By: Cindy Yeast, Board Member, Estes Valley Watershed Coalition

On Sat., October 15, the second annual fishing line and tackle cleanup, sponsored by the Wandering Wildlife Society of the Estes Valley Watershed Coalition, was held at Lake Estes. Twenty-two volunteers combed the lake’s shoreline retrieving fishing line and trash, and, due to the lowered level of the lake, they were also able to walk out into the lakebed and clean the areas near the shore.

The purpose of the cleanup is to prevent injury and death of waterfowl and other birds that become entangled in the line or swallow tackle and lead sinkers attached to the line. Cleaning up the lake area also makes it safer for humans and other animals.

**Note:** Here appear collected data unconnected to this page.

lemma sum_deg_eq_twice_card:
  assumes "finite W" "finite P" and ends: "\<forall>e\<in>P. ends e \<subseteq> W \<and> card (ends e) = 2"
  shows "(\<Sum>v\<in>W. deg ends P v) = 2 * card P"
proof -
  have "deg ends P v = (\<Sum>e\<in>P. if v \<in> ends e then 1 else 0)" for v
    unfolding deg_def using assms(2) by (subst card_eq_sum, subst sum.inter_filter) auto
  then have "(\<Sum>v\<in>W. deg ends P v) = (\<Sum>v\<in>W. \<Sum>e\<in>P. if v \<in> ends e then 1 else 0)"
    by simp
  also have "\<dots> = (\<Sum>e\<in>P. \<Sum>v\<in>W. if v \<in> ends e then 1 else 0)"
    by (rule sum.swap)
  also have "\<dots> = (\<Sum>e\<in>P. card (ends e))"
  proof (rule sum.cong)
    fix e
    assume "e \<in> P"
    then have "W \<inter> ends e = ends e"
      using ends by blast
    then show "(\<Sum>v\<in>W. if v \<in> ends e then 1 else 0) = card (ends e)"
      using assms(1) by (simp add: sum.If_cases)
  qed simp
  also have "\<dots> = 2 * card P"
    using ends by simp
  finally show ?thesis .
qed

lemma sum_max_deg_one:
  assumes "finite W" "finite P" and ends: "\<forall>e\<in>P. ends e \<subseteq> W \<and> card (ends e) = 2"
  shows "(\<Sum>v\<in>W. max (deg ends P v) 1) + card (Vset ends P) = 2 * card P + card W"
proof -
  have VP: "Vset ends P \<subseteq> W"
    using ends unfolding Vset_def by blast
  have deg_zero_iff: "deg ends P v = 0 \<longleftrightarrow> v \<notin> Vset ends P" for v
    using assms(2) unfolding deg_def Vset_def by auto
  have "max (deg ends P v) 1 = deg ends P v + (if v \<in> W - Vset ends P then 1 else 0)"
    if "v \<in> W" for v
    using that deg_zero_iff[of v] by (cases "deg ends P v = 0") auto
  then have "(\<Sum>v\<in>W. max (deg ends P v) 1) = (\<Sum>v\<in>W. deg ends P v) + card (W - Vset ends P)"
    using assms(1) by (simp add: sum.distrib sum.If_cases Diff_eq Compl_eq)
  moreover have "card (W - Vset ends P) + card (Vset ends P) = card W"
    using VP assms(1) by (metis card_Diff_subset card_mono diff_add finite_subset)
  ultimately show ?thesis
    using sum_deg_eq_twice_card[OF assms] by linarith
qed

definition incident_edges :: "('e \<Rightarrow> 'v set) \<Rightarrow> 'v \<Rightarrow> 'e set" where
  "incident_edges ends v = {e. v \<in> ends e}"

lemma deg_eq_card_Int_incident_edges: "deg ends B v = card (B \<inter> incident_edges ends v)"
  unfolding deg_def incident_edges_def by (metis Collect_conj_eq Collect_mem_eq)

lemma Diff_incident_edges_eq: "v \<notin> Vset ends Y \<Longrightarrow> Y - incident_edges ends v = Y"
  unfolding incident_edges_def Vset_def by blast

section \<open>The rank-drop sum\<close>

definition rank_drop_sum :: "('e \<Rightarrow> 'v set) \<Rightarrow> ('e set \<Rightarrow> bool) \<Rightarrow> 'e set \<Rightarrow> int" where
  "rank_drop_sum ends indep Y =
     (\<Sum>v\<in>Vset ends Y. int (rank indep Y) - int (rank indep (Y - incident_edges ends v)))"

context finite_matroid
begin

lemma Min_deg_base_le:
  "Min {deg ends B v | B. base_of indep X B} + rank indep (X - incident_edges ends v)
     \<le> rank indep X"
proof -
  obtain B where B: "base_of indep X B"
    "card (B \<inter> incident_edges ends v) + rank indep (X - incident_edges ends v) \<le> rank indep X"
    using exists_base_card_Int_le .
  have "{deg ends B v | B. base_of indep X B} \<subseteq> (\<lambda>B. deg ends B v) ` Pow E"
    unfolding base_of_def using indep_subset_ground by (auto intro: rev_image_eqI)
  then have "finite {deg ends B v | B. base_of indep X B}"
    using finite_ground finite_subset by blast
  then have "Min {deg ends B v | B. base_of indep X B} \<le> deg ends B v"
    using B(1) by (intro Min_le) auto
  then show ?thesis
    using B(2) unfolding deg_eq_card_Int_incident_edges by linarith
qed

lemma sum_Min_deg_le_rank_drop_sum:
  "int (\<Sum>v\<in>Vset ends X. Min {deg ends B v | B. base_of indep X B}) \<le> rank_drop_sum ends indep X"
  unfolding rank_drop_sum_def of_nat_sum
proof (rule sum_mono)
  fix v
  show "int (Min {deg ends B v | B. base_of indep X B})
    \<le> int (rank indep X) - int (rank indep (X - incident_edges ends v))"
    using Min_deg_base_le[of ends v X] by linarith
qed

end

lemma ear_step_arith:
  fixes F F' n rX rY p vY vP :: int
  assumes "F' \<le> F + n * (rX - rY - p + 1) + 2 * p - vP"
    and "F \<le> 2 * (rY + 1) - vY" and "n + 2 \<le> vY + vP" and "rX + 1 \<le> rY + p" and "2 \<le> n"
  shows "F' \<le> 2 * (rX + 1) - n"
proof -
  have "0 \<le> (n - 2) * (rY + p - rX - 1)"
    using assms(4,5) by simp
  then show ?thesis
    using assms(1-3) by (simp add: algebra_simps)
qed

locale two_connected_circuits = finite_matroid E indep
  for E :: "'e set" and indep :: "'e set \<Rightarrow> bool" +
  fixes ends :: "'e \<Rightarrow> 'v set"
  assumes card_ends: "e \<in> E \<Longrightarrow> card (ends e) = 2"
    and circuit_two_connected: "circuit E indep C \<Longrightarrow> two_connected ends (Vset ends C) C"
begin

lemma finite_Vset: "Y \<subseteq> E \<Longrightarrow> finite (Vset ends Y)"
  unfolding Vset_def using finite_ground card_ends
  by (metis card.infinite finite_UN_I finite_subset subsetD zero_neq_numeral)

lemma indep_singleton:
  assumes "e \<in> E"
  shows "indep {e}"
proof (rule ccontr)
  assume "\<not> indep {e}"
  then have "circuit E indep {e}"
    unfolding circuit_def using assms indep_empty by (auto simp: subset_singleton_iff)
  then have "3 \<le> card (Vset ends {e})"
    using circuit_two_connected unfolding two_connected_def by blast
  then show False
    using card_ends[OF assms] by (simp add: Vset_def)
qed

lemma rank_drop_sum_singleton:
  assumes "e \<in> E"
  shows "rank_drop_sum ends indep {e} \<le> 2 * (int (rank indep {e}) + 1) - int (card (Vset ends {e}))"
proof -
  have "base_of indep {e} {e}" "base_of indep {} {}"
    unfolding base_of_def using indep_singleton[OF assms] indep_empty by auto
  then have "rank indep {e} = 1" "rank indep {} = 0"
    using card_base by fastforce+
  moreover have "{e} - incident_edges ends v = {}" if "v \<in> ends e" for v
    using that unfolding incident_edges_def by blast
  ultimately have "rank_drop_sum ends indep {e} = int (card (ends e))"
    unfolding rank_drop_sum_def by (simp add: Vset_def)
  then show ?thesis
    using card_ends[OF assms] \<open>rank indep {e} = 1\<close> by (simp add: Vset_def)
qed

lemma rank_drop_sum_Un_ear_le:
  assumes Y: "Y \<subseteq> E" and P: "P \<subseteq> E" "P \<noteq> {}" "P \<inter> Y = {}"
    and ear: "\<And>K Q. base_of indep Y K \<Longrightarrow> Q \<subset> P \<Longrightarrow> indep (K \<union> Q)"
  shows "rank_drop_sum ends indep (Y \<union> P) \<le> rank_drop_sum ends indep Y
    + int (card (Vset ends (Y \<union> P))) * (int (rank indep (Y \<union> P)) - int (rank indep Y) - int (card P) + 1)
    + 2 * int (card P) - int (card (Vset ends P))"
proof -
  let ?W = "Vset ends (Y \<union> P)"
  let ?c = "int (rank indep (Y \<union> P)) - int (rank indep Y) - int (card P) + 1"
  let ?d = "\<lambda>v. int (max (deg ends P v) 1)"
  let ?h = "\<lambda>v. int (rank indep Y) - int (rank indep (Y - incident_edges ends v))"
  have finite: "finite ?W" "finite P"
    using finite_Vset[of "Y \<union> P"] finite_subset[OF P(1) finite_ground] Y P(1) by simp_all
  have "int (rank indep (Y \<union> P)) - int (rank indep (Y \<union> P - incident_edges ends v))
      \<le> ?c + (?d v - 1) + ?h v" for v
    using rank_Diff_Un_ear_ge[OF ear finite(2) P(2,3), of "incident_edges ends v"]
    unfolding deg_eq_card_Int_incident_edges by linarith
  then have "rank_drop_sum ends indep (Y \<union> P) \<le> (\<Sum>v\<in>?W. ?c + (?d v - 1) + ?h v)"
    unfolding rank_drop_sum_def by (rule sum_mono)
  also have "\<dots> = int (card ?W) * ?c + (\<Sum>v\<in>?W. ?d v) - int (card ?W) + (\<Sum>v\<in>?W. ?h v)"
    by (simp add: sum.distrib sum_subtractf algebra_simps)
  finally have sum_le: "rank_drop_sum ends indep (Y \<union> P)
      \<le> int (card ?W) * ?c + (\<Sum>v\<in>?W. ?d v) - int (card ?W) + (\<Sum>v\<in>?W. ?h v)" .
  have "(\<Sum>v\<in>?W. ?h v) = rank_drop_sum ends indep Y"
    unfolding rank_drop_sum_def
    using finite(1) Vset_mono[of Y "Y \<union> P" ends]
    by (intro sum.mono_neutral_right) (auto simp: Diff_incident_edges_eq)
  moreover have "(\<Sum>v\<in>?W. ?d v) + int (card (Vset ends P)) = 2 * int (card P) + int (card ?W)"
  proof -
    have "\<forall>e\<in>P. ends e \<subseteq> ?W \<and> card (ends e) = 2"
      using P(1) card_ends ends_subset_Vset[of _ "Y \<union> P" ends] by blast
    from sum_max_deg_one[OF finite this] show ?thesis
      unfolding of_nat_sum[symmetric] of_nat_add[symmetric] by simp
  qed
  ultimately show ?thesis
    using sum_le by linarith
qed

lemma two_le_card_Vset_ear_Int:
  assumes Y: "Y \<subseteq> E" and C: "circuit E indep C" "C \<inter> Y \<noteq> {}" "C - Y \<noteq> {}"
  shows "2 \<le> card (Vset ends (C - Y) \<inter> Vset ends Y)"
proof -
  have CE: "C \<subseteq> E"
    using C(1) unfolding circuit_def by blast
  then have "\<forall>e\<in>C. card (ends e) = 2"
    using card_ends by blast
  moreover have "C = (C - Y) \<union> (C \<inter> Y)"
    by blast
  ultimately have "2 \<le> card (Vset ends (C - Y) \<inter> Vset ends (C \<inter> Y))"
    using two_connected_split_two_common_vertices circuit_two_connected[OF C(1)] C(2,3) by metis
  also have "\<dots> \<le> card (Vset ends (C - Y) \<inter> Vset ends Y)"
    using finite_Vset[of "C - Y"] CE Vset_mono[of "C \<inter> Y" Y ends] by (intro card_mono) auto
  finally show ?thesis .
qed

A large amount of fishing line and tackle was collected. An estimated 200 pounds of trash was also collected. In addition to cans, bottles, plastic bags, and other plastic items, the trash included items such as oars, fishing poles, rope, a tarp, a seat cushion, and even a drone.

One stump had so much fishing line and tackle attached to it that one of the volunteers, Evan Jones, who is a fisherman, took home the bucket he filled from that one stump and inventoried it. In addition to fishing line and hooks, he had retrieved lures, bobbers, flies, and floats, among other tackle. He also had gathered 154 lead sinkers, weighing more than one pound. While lead sinkers are not regulated in Colorado, several states have done so due to the danger they present to waterfowl, eagles, and other birds that die from lead poisoning when they inadvertently swallow the weights while dabbling or diving for food.